→ ACTION ITEM:
Return the line containing "using insert.IH insert.hyps" and every line after it through the end of the entries below, with no other lines.

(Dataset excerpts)
══════
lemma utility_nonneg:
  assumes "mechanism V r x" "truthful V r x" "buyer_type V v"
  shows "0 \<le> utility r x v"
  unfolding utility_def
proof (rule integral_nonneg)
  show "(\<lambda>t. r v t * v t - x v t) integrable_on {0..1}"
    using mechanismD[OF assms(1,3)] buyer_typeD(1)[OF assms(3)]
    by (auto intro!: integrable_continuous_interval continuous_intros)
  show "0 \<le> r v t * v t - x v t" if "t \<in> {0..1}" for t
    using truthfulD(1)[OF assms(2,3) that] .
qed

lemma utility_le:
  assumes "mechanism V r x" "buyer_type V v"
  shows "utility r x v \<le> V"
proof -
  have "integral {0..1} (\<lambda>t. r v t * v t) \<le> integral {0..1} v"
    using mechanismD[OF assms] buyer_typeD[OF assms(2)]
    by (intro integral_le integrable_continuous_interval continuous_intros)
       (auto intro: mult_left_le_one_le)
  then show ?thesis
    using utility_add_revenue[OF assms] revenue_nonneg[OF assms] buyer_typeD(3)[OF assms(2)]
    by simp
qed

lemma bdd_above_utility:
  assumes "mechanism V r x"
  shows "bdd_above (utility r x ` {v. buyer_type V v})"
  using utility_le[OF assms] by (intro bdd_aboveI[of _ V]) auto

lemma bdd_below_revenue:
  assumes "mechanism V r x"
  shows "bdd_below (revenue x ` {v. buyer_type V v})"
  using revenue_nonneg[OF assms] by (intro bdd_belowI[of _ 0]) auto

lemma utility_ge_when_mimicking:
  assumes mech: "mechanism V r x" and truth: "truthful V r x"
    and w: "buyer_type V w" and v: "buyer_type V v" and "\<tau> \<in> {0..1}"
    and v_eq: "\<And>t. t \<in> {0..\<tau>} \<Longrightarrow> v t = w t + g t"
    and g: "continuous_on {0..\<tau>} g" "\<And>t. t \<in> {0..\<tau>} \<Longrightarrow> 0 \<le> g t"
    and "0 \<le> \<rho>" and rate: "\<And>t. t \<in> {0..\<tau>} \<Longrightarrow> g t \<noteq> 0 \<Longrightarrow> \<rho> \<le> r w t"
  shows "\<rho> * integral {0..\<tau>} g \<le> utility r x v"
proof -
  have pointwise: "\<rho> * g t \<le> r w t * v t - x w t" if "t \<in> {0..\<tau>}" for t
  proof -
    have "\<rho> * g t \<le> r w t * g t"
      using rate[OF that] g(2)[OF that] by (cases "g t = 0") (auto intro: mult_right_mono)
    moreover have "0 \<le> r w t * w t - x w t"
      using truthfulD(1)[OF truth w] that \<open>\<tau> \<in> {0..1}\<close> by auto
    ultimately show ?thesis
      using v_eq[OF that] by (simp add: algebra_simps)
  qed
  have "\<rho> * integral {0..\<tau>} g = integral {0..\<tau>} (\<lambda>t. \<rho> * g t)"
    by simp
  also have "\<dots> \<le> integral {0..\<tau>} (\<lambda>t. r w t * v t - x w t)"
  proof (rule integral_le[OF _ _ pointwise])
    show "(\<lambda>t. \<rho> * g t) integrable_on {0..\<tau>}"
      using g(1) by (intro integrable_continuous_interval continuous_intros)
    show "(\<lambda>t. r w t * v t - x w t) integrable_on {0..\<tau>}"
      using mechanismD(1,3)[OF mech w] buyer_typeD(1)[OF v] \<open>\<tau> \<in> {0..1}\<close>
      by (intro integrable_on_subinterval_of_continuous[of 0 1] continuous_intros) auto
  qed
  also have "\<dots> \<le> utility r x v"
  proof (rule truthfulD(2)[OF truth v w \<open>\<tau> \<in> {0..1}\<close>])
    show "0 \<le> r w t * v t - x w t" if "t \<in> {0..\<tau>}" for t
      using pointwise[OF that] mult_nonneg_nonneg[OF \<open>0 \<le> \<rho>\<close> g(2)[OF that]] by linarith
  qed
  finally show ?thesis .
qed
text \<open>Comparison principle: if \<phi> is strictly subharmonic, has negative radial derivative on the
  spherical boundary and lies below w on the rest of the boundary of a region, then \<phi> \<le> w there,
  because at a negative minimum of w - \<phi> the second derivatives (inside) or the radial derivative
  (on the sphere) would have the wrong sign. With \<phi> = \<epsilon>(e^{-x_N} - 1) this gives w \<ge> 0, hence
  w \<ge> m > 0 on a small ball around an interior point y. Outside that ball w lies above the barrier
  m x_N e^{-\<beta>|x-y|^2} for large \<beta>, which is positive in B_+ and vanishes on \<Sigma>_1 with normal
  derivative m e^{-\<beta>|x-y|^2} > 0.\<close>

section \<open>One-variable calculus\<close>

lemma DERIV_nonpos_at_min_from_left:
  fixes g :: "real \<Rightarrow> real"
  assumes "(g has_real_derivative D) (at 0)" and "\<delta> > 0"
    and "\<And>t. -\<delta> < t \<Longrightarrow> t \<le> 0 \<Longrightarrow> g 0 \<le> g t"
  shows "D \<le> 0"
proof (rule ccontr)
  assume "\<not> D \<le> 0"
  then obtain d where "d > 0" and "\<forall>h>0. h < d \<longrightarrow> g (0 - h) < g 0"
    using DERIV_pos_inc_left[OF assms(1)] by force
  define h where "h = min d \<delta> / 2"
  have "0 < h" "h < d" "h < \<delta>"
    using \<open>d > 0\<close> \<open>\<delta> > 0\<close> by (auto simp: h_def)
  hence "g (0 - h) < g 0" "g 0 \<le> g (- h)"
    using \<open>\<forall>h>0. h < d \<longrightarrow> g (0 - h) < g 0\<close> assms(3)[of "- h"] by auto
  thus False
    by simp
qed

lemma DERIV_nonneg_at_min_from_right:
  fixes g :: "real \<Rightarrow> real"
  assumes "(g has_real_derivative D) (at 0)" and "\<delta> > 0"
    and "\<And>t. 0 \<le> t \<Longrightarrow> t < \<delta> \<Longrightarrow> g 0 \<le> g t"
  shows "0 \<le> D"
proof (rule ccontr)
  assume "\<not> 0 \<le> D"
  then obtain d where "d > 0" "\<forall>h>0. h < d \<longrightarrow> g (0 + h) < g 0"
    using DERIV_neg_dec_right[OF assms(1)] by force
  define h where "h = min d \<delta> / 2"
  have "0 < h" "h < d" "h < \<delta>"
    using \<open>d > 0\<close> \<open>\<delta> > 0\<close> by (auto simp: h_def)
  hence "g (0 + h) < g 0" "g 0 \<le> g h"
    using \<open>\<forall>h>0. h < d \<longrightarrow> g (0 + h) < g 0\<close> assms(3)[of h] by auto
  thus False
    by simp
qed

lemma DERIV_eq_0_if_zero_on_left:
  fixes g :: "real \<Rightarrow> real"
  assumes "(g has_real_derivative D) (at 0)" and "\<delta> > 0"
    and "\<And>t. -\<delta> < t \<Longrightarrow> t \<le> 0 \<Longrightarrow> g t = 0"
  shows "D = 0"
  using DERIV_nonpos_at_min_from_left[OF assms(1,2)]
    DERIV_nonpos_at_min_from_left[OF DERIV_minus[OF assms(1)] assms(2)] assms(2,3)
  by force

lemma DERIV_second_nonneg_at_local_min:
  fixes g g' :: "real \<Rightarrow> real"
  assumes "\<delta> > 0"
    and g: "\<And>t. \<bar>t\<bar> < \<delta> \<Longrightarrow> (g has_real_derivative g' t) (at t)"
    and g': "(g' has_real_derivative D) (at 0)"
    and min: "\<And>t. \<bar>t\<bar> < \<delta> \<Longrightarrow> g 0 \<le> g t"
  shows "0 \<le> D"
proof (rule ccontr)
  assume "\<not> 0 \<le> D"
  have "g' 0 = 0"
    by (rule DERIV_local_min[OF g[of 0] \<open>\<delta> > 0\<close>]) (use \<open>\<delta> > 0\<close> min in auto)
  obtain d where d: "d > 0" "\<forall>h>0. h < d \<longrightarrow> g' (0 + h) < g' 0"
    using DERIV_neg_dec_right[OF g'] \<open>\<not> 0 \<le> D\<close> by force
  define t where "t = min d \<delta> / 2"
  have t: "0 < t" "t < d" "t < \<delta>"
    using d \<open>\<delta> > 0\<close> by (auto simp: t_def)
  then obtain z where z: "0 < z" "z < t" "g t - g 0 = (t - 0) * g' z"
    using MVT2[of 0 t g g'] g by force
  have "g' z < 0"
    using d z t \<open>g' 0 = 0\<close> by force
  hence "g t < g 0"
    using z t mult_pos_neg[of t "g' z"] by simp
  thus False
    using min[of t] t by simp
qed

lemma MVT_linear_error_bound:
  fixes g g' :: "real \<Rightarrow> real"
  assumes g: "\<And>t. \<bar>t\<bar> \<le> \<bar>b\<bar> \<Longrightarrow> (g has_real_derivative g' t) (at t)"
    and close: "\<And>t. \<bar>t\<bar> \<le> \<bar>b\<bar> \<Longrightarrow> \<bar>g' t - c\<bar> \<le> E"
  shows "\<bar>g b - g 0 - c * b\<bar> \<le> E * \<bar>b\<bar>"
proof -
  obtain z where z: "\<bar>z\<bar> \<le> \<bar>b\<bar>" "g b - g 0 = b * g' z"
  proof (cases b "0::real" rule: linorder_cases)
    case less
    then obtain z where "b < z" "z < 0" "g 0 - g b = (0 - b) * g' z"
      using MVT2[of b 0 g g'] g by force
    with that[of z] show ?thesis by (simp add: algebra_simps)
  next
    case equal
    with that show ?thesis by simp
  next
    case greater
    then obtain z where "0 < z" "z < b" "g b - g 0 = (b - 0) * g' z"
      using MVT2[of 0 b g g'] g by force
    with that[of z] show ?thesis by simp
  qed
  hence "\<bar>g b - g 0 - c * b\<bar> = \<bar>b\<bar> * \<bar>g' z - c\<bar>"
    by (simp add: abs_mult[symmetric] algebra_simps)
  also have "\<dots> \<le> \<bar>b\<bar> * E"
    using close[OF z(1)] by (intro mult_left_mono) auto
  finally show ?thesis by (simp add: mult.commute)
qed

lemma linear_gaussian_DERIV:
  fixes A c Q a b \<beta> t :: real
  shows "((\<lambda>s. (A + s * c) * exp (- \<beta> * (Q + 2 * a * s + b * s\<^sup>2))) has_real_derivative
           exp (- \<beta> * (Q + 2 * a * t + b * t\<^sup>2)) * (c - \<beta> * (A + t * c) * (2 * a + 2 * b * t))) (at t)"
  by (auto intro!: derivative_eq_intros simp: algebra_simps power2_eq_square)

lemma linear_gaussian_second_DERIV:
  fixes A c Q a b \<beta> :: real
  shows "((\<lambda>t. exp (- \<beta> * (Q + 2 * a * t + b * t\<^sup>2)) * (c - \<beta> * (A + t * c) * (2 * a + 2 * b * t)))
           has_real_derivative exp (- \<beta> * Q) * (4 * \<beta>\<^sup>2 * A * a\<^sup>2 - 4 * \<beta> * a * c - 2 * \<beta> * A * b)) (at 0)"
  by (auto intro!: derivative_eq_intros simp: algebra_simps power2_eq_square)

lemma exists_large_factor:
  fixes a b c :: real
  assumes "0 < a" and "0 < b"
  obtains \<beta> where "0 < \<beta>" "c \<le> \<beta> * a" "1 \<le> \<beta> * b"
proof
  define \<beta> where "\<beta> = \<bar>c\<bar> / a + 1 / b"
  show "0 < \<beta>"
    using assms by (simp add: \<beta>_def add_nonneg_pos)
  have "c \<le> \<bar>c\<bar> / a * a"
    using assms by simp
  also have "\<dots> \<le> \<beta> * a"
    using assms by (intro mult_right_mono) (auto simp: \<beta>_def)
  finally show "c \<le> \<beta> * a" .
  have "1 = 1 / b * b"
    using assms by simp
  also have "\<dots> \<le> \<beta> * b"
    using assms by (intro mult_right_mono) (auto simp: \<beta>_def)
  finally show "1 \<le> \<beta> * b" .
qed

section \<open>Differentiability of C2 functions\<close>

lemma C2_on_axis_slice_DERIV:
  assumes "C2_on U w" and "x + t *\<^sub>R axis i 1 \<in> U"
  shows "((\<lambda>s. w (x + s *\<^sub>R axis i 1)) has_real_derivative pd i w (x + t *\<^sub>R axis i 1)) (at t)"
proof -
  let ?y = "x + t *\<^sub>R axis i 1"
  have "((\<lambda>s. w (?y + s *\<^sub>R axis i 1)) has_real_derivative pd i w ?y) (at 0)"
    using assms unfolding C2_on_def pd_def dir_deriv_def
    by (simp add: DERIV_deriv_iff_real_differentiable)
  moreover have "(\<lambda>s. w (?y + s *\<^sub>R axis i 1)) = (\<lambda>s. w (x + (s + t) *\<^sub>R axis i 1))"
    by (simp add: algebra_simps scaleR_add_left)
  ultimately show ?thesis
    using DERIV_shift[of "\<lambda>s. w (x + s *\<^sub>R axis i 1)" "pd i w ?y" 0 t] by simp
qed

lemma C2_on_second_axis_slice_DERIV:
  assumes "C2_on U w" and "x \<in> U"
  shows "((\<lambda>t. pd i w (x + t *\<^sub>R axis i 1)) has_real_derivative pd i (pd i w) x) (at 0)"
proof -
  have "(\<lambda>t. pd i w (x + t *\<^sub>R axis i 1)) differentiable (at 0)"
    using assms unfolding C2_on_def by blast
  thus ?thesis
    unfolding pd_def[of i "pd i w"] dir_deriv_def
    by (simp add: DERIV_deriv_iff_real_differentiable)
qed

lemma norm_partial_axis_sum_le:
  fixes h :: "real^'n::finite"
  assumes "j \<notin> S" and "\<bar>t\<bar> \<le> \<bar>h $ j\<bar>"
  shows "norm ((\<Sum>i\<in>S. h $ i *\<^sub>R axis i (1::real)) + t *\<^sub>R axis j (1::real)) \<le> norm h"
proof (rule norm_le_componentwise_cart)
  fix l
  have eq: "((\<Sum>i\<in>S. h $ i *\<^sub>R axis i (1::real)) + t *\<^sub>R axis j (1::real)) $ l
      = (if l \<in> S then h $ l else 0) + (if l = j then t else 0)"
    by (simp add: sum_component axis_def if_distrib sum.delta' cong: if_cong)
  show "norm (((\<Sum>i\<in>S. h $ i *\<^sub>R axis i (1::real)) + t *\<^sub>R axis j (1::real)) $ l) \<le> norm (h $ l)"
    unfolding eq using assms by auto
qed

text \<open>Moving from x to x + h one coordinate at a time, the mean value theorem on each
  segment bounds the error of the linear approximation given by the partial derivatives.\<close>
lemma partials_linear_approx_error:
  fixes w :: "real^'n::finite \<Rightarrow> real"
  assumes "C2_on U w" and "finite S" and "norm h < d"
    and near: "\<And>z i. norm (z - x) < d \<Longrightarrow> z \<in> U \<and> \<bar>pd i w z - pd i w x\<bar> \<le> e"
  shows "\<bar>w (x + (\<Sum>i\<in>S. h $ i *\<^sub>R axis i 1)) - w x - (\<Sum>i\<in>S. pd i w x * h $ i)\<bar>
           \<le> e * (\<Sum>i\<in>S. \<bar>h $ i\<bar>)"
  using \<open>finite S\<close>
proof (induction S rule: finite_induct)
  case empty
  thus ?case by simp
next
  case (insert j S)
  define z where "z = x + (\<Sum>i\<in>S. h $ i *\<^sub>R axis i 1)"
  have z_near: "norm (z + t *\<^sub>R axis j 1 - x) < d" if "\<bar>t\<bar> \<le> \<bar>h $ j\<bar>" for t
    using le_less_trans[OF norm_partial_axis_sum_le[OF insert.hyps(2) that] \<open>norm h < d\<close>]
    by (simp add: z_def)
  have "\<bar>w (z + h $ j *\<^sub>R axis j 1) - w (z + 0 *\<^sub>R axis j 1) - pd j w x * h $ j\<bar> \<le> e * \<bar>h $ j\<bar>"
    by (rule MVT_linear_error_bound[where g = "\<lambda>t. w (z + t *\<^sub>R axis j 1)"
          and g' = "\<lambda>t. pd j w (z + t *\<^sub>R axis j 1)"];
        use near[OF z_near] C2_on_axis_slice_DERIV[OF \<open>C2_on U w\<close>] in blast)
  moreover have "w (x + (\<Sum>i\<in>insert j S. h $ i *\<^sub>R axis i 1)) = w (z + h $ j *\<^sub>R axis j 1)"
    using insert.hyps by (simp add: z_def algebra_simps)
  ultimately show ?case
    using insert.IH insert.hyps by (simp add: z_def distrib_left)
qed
══════
→ SOLUTION BELOW:
    using insert.IH insert.hyps by (simp add: z_def distrib_left)
qed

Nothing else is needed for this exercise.